--- INPUT DATA ---
BEGIN
lemma submanifold_geodesic_dist_small:
  fixes M :: "'a::euclidean_space set"
  assumes "submanifold M" "x \<in> M" "\<eta> > 0"
  shows "\<exists>e>0. \<forall>y\<in>M. dist y x < e \<longrightarrow> geodesic_dist M x y < ereal \<eta> \<and> geodesic_dist M y x < ereal \<eta>"
proof -
  obtain U T and \<phi> \<psi> :: "'a \<Rightarrow> 'a" and B \<delta> where U: "open U" "x \<in> U" and "isCont \<phi> x" and \<psi>\<phi>: "\<forall>y\<in>U. \<psi> (\<phi> y) = y"
    and T: "convex T" "\<psi> ` T \<subseteq> M" and lip: "B-lipschitz_on T \<psi>" and "\<delta> > 0"
    and inT: "\<forall>y\<in>U \<inter> M. dist (\<phi> y) (\<phi> x) \<le> \<delta> \<longrightarrow> \<phi> y \<in> T"
    by (rule submanifold_lipschitz_chart[OF assms(1,2)])
  have "B \<ge> 0" using lip by (rule lipschitz_on_nonneg)
  define \<eta>' where "\<eta>' = min \<delta> (\<eta> / (B + 1))"
  have "\<eta>' > 0" unfolding \<eta>'_def using \<open>\<delta> > 0\<close> \<open>\<eta> > 0\<close> \<open>B \<ge> 0\<close> by auto
  then obtain e1 where "e1 > 0" and e1: "\<forall>y. dist y x < e1 \<longrightarrow> dist (\<phi> y) (\<phi> x) < \<eta>'"
    using continuous_at_eps_delta[THEN iffD1, OF \<open>isCont \<phi> x\<close>] by blast
  obtain e2 where "e2 > 0" "ball x e2 \<subseteq> U" using U open_contains_ball by blast
  show ?thesis
  proof (intro exI[of _ "min e1 e2"] conjI ballI impI)
    show "min e1 e2 > 0" using \<open>e1 > 0\<close> \<open>e2 > 0\<close> by simp
    fix y assume "y \<in> M" and dist_y: "dist y x < min e1 e2"
    then have "y \<in> ball x e2" by (simp add: dist_commute)
    then have "y \<in> U" using \<open>ball x e2 \<subseteq> U\<close> by blast
    have "dist (\<phi> y) (\<phi> x) < \<eta>'" using e1 dist_y by simp
    then have "dist (\<phi> y) (\<phi> x) \<le> \<delta>" unfolding \<eta>'_def by linarith
    then have "\<phi> y \<in> T" using inT \<open>y \<in> U\<close> \<open>y \<in> M\<close> by blast
    have "\<phi> x \<in> T" using inT U(2) assms(2) \<open>\<delta> > 0\<close> by simp
    have "B * dist (\<phi> y) (\<phi> x) \<le> (B + 1) * dist (\<phi> y) (\<phi> x)" by (simp add: distrib_right)
    also have "\<dots> < (B + 1) * (\<eta> / (B + 1))"
      using \<open>dist (\<phi> y) (\<phi> x) < \<eta>'\<close> \<open>B \<ge> 0\<close> unfolding \<eta>'_def by (intro mult_strict_left_mono) auto
    finally have small: "B * dist (\<phi> y) (\<phi> x) < \<eta>" using \<open>B \<ge> 0\<close> by simp
    have "\<psi> (\<phi> x) = x" "\<psi> (\<phi> y) = y" using \<psi>\<phi> U(2) \<open>y \<in> U\<close> by auto
    then have "geodesic_dist M x y \<le> ereal (B * dist (\<phi> y) (\<phi> x))"
      "geodesic_dist M y x \<le> ereal (B * dist (\<phi> y) (\<phi> x))"
      using geodesic_dist_lipschitz_image_le[OF lip T(1) \<open>\<phi> x \<in> T\<close> \<open>\<phi> y \<in> T\<close> T(2)]
        geodesic_dist_lipschitz_image_le[OF lip T(1) \<open>\<phi> y \<in> T\<close> \<open>\<phi> x \<in> T\<close> T(2)]
      by (simp_all add: dist_commute)
    then show "geodesic_dist M x y < ereal \<eta>" "geodesic_dist M y x < ereal \<eta>"
      using small by (auto intro: le_less_trans)
  qed
qed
END
Exactly the lines from the one containing "by (simp_all add: dist_commute)" through the end of the records above should be returned, with both ends kept.

--- ANSWER AREA ---
      by (simp_all add: dist_commute)
    then show "geodesic_dist M x y < ereal \<eta>" "geodesic_dist M y x < ereal \<eta>"
      using small by (auto intro: le_less_trans)
  qed
qed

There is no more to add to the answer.